# Data extract
= Beginning of Section =
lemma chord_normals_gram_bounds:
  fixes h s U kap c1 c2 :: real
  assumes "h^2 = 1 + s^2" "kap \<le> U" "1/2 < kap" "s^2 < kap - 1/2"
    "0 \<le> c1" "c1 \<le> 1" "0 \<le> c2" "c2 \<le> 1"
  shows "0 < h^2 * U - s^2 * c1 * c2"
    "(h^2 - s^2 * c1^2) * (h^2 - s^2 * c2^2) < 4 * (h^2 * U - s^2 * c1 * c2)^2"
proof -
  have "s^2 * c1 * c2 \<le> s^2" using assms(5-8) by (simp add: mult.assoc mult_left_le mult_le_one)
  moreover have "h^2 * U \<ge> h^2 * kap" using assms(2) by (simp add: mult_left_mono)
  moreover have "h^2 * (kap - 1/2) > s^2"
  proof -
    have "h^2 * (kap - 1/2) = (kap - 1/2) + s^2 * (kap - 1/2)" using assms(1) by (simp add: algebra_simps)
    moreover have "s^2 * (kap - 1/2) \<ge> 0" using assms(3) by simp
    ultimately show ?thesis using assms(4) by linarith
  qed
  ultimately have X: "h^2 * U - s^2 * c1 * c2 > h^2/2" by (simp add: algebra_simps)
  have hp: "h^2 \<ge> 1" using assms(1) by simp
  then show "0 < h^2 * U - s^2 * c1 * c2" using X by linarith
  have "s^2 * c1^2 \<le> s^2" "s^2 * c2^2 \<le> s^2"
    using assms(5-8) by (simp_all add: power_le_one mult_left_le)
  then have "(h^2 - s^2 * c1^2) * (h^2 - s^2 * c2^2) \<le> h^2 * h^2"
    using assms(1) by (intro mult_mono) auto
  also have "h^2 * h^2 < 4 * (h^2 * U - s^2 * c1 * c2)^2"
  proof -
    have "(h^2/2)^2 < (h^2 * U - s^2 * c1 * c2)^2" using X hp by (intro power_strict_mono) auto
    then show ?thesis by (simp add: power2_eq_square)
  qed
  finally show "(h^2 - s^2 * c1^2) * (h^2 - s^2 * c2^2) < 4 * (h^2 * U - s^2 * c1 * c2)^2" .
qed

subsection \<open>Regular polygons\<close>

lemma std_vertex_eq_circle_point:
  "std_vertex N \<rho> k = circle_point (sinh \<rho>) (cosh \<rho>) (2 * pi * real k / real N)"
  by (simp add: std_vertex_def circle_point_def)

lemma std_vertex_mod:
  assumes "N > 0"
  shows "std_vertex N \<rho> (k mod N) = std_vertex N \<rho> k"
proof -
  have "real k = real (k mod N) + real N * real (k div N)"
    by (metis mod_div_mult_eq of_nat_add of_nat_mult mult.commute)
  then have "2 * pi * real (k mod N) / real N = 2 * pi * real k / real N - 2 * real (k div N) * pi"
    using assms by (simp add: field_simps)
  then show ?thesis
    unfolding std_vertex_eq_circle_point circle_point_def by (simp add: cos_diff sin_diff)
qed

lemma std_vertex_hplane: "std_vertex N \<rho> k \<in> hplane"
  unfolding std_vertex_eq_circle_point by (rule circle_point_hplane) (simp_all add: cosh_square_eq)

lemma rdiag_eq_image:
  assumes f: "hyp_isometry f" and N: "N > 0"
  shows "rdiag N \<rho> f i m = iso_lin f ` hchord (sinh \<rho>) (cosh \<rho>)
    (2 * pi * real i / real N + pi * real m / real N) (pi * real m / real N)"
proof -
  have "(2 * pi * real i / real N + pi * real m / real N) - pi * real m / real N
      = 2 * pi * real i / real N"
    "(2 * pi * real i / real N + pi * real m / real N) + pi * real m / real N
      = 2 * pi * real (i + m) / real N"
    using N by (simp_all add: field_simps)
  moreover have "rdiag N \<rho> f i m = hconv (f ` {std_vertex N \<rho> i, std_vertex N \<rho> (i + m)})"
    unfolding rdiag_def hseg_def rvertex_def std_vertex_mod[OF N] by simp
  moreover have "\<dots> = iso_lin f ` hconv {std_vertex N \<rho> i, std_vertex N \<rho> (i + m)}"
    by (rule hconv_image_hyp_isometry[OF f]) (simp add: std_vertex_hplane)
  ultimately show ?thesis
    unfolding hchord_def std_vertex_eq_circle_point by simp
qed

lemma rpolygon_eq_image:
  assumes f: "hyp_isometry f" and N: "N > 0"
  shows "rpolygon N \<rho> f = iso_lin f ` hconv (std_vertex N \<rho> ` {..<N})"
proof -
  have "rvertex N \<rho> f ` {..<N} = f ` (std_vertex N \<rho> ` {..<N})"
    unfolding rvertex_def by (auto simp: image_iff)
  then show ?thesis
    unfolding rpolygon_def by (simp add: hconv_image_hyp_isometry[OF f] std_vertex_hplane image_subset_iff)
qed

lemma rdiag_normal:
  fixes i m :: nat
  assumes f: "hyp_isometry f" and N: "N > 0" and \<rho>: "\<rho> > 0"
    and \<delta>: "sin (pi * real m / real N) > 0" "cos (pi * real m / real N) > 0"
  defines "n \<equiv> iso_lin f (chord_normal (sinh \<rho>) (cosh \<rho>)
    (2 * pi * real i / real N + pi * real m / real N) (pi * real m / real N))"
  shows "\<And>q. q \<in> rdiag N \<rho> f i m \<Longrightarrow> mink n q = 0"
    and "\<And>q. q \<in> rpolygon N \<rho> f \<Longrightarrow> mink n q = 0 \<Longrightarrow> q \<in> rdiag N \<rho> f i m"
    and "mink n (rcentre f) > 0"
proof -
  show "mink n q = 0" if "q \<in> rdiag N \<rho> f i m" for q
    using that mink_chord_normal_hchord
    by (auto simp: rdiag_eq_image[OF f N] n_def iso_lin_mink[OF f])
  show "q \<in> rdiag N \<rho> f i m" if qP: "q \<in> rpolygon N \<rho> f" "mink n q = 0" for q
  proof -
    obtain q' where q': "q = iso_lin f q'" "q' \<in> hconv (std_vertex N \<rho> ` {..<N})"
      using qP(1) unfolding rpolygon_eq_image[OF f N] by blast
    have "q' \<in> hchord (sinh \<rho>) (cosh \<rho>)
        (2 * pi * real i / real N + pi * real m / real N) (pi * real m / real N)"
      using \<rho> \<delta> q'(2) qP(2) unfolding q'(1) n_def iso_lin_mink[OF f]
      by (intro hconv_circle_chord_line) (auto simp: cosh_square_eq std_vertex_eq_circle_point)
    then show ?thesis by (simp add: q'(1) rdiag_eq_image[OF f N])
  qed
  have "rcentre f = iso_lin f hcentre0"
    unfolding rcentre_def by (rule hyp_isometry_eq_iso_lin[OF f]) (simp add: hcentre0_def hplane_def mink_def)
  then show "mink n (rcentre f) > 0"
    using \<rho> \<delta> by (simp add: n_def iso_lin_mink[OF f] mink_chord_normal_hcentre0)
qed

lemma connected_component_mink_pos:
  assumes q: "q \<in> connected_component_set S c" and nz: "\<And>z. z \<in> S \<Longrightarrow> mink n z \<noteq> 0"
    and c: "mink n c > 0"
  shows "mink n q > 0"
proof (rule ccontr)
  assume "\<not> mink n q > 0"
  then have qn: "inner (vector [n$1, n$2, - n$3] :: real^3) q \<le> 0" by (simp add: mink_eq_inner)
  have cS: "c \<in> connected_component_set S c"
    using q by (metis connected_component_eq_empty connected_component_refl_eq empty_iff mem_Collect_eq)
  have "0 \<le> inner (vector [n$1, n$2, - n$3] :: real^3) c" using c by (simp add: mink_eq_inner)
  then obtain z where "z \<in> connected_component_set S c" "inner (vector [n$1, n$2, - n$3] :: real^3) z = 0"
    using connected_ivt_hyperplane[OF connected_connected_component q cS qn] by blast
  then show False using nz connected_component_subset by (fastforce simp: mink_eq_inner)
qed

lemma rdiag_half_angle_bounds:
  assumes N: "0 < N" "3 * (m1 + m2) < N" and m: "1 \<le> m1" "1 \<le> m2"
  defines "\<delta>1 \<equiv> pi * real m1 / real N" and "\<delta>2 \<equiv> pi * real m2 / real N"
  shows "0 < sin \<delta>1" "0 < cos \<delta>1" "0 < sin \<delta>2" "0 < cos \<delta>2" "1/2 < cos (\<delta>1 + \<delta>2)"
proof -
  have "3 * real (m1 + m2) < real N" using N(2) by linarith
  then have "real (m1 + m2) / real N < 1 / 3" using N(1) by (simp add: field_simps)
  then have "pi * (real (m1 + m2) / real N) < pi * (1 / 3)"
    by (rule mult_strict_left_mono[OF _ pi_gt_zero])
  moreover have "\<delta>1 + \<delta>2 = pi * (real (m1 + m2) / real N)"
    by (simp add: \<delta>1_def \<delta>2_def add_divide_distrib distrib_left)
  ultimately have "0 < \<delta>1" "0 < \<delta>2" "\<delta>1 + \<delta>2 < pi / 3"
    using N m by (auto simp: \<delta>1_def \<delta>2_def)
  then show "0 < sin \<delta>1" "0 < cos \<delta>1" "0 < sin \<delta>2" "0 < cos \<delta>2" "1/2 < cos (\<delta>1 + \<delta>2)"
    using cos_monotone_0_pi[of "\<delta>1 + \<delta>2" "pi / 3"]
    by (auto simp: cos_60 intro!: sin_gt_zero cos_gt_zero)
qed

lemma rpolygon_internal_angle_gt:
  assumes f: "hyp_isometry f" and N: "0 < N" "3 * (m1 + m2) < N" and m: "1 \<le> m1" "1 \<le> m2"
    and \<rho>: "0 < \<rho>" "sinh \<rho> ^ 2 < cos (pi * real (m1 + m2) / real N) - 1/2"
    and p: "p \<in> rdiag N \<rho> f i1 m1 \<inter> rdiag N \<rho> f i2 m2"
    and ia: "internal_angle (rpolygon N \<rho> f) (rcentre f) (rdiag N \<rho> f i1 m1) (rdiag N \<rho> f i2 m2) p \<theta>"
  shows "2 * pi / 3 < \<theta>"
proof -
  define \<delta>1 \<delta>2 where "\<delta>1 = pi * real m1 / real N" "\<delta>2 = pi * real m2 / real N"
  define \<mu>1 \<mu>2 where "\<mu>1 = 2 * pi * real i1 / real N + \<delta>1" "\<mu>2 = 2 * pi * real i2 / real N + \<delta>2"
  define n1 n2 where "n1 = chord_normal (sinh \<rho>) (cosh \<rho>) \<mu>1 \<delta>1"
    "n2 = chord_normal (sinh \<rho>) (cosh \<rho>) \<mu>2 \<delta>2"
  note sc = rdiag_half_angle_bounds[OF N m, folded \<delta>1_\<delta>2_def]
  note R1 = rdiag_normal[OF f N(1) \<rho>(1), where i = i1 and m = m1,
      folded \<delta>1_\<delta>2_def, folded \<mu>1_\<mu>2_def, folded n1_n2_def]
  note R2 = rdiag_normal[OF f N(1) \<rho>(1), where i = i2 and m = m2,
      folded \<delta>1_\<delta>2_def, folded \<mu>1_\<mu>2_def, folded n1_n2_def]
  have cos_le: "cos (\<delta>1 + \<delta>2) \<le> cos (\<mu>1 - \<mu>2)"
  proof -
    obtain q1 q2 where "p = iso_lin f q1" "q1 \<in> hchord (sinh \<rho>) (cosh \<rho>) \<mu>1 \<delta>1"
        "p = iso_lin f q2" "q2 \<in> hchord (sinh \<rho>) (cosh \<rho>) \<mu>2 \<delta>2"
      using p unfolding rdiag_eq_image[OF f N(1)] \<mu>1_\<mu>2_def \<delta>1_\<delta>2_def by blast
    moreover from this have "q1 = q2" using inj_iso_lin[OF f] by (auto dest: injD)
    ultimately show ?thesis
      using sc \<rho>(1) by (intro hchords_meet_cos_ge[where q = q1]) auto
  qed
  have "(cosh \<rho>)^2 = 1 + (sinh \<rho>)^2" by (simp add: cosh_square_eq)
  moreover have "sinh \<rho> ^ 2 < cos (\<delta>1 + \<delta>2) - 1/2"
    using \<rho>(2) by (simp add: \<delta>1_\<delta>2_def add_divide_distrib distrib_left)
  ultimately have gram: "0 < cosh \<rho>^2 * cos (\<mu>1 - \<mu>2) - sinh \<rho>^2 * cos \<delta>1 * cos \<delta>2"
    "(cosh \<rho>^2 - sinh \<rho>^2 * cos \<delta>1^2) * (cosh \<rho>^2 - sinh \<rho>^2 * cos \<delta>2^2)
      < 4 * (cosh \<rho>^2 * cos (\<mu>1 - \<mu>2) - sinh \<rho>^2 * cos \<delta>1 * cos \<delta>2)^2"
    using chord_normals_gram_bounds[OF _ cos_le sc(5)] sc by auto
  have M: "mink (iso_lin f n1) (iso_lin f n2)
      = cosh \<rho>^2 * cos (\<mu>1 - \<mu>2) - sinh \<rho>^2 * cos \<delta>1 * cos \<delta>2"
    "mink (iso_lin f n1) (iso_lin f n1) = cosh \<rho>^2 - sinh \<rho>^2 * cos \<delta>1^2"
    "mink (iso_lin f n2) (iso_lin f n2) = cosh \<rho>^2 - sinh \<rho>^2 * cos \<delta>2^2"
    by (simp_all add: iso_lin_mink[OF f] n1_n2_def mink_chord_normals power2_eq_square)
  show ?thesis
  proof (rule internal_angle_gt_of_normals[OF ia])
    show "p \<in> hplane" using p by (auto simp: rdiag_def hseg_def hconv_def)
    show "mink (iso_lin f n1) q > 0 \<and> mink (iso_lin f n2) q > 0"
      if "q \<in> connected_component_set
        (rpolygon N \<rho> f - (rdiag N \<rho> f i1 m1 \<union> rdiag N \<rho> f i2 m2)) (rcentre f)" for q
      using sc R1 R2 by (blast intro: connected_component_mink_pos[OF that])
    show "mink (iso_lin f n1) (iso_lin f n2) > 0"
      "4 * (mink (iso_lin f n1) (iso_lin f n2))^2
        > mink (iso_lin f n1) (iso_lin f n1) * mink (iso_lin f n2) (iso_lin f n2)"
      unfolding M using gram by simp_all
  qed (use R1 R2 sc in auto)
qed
= End of Section =
Identify every line above with the string "ultimately" in it. Copy those lines.

    ultimately show ?thesis using assms(4) by linarith
  ultimately have X: "h^2 * U - s^2 * c1 * c2 > h^2/2" by (simp add: algebra_simps)
  ultimately show ?thesis
  ultimately have "0 < \<delta>1" "0 < \<delta>2" "\<delta>1 + \<delta>2 < pi / 3"
    ultimately show ?thesis
  ultimately have gram: "0 < cosh \<rho>^2 * cos (\<mu>1 - \<mu>2) - sinh \<rho>^2 * cos \<delta>1 * cos \<delta>2"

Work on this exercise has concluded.